▶ **WHAT THIS TASK INVOLVES**
The records below hold a stretch from the line with "set set \<Rightarrow> 'x" through the line with "(\<forall>r < length"; return exactly those lines, ends included, and nothing more.
[[ THE RECORDS, beginning ]]
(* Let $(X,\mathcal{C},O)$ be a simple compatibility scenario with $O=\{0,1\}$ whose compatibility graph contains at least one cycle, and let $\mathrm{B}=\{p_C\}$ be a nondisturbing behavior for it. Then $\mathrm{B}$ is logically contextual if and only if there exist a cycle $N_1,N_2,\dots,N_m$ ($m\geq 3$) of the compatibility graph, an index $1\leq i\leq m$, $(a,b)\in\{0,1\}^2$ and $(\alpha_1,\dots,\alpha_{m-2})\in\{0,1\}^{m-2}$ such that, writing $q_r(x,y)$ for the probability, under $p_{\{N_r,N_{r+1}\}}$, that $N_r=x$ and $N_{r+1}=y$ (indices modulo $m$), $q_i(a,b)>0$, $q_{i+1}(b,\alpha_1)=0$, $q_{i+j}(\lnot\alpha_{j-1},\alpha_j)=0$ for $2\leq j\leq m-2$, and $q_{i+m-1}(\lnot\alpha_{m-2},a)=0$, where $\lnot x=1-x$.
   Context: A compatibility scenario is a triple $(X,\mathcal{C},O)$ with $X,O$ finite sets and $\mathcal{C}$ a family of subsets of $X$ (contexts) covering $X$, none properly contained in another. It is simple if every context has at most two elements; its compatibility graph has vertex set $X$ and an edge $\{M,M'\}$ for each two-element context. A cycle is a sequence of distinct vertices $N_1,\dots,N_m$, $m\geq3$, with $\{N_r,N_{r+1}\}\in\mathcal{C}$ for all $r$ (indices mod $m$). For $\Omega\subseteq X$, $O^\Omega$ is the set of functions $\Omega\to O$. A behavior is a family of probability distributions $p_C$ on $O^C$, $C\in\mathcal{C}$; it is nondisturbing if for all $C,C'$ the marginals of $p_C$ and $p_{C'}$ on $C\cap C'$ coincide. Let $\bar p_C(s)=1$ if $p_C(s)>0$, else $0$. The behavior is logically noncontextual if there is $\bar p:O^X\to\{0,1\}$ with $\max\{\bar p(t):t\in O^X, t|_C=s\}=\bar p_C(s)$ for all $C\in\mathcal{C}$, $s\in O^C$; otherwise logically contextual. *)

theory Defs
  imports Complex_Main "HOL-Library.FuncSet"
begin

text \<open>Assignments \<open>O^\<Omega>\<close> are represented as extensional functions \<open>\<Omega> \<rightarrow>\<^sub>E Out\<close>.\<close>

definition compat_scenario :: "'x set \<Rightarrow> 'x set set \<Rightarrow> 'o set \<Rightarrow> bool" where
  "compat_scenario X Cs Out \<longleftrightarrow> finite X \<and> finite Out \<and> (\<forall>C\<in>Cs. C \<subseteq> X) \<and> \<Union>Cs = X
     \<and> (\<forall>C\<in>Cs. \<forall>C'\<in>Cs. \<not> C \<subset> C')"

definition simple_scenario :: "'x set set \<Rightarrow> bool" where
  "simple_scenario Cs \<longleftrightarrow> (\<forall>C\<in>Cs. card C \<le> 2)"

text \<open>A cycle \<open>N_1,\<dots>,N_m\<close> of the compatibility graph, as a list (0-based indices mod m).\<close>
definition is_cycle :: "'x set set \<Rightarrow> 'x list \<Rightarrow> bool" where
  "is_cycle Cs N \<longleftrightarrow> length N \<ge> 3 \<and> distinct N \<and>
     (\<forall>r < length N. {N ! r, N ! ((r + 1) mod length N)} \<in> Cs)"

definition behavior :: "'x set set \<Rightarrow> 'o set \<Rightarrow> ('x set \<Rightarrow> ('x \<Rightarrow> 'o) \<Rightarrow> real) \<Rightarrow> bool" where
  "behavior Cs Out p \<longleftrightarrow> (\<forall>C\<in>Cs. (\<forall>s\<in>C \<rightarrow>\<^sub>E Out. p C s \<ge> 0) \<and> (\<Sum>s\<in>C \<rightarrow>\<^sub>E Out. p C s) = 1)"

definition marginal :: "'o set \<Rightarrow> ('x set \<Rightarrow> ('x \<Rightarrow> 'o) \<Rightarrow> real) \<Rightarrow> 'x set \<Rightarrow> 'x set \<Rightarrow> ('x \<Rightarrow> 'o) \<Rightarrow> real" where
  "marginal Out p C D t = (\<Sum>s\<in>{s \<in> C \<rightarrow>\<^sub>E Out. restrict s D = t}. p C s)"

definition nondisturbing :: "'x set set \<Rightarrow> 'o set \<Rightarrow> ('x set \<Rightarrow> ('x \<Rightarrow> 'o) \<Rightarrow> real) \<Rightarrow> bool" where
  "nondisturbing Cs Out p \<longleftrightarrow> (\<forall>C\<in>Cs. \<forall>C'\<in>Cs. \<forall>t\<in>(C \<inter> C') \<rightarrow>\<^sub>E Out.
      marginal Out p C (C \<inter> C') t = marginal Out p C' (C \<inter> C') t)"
[[ THE RECORDS, end ]]
▶ **REPLY**
definition is_cycle :: "'x set set \<Rightarrow> 'x list \<Rightarrow> bool" where
  "is_cycle Cs N \<longleftrightarrow> length N \<ge> 3 \<and> distinct N \<and>
     (\<forall>r < length N. {N ! r, N ! ((r + 1) mod length N)} \<in> Cs)"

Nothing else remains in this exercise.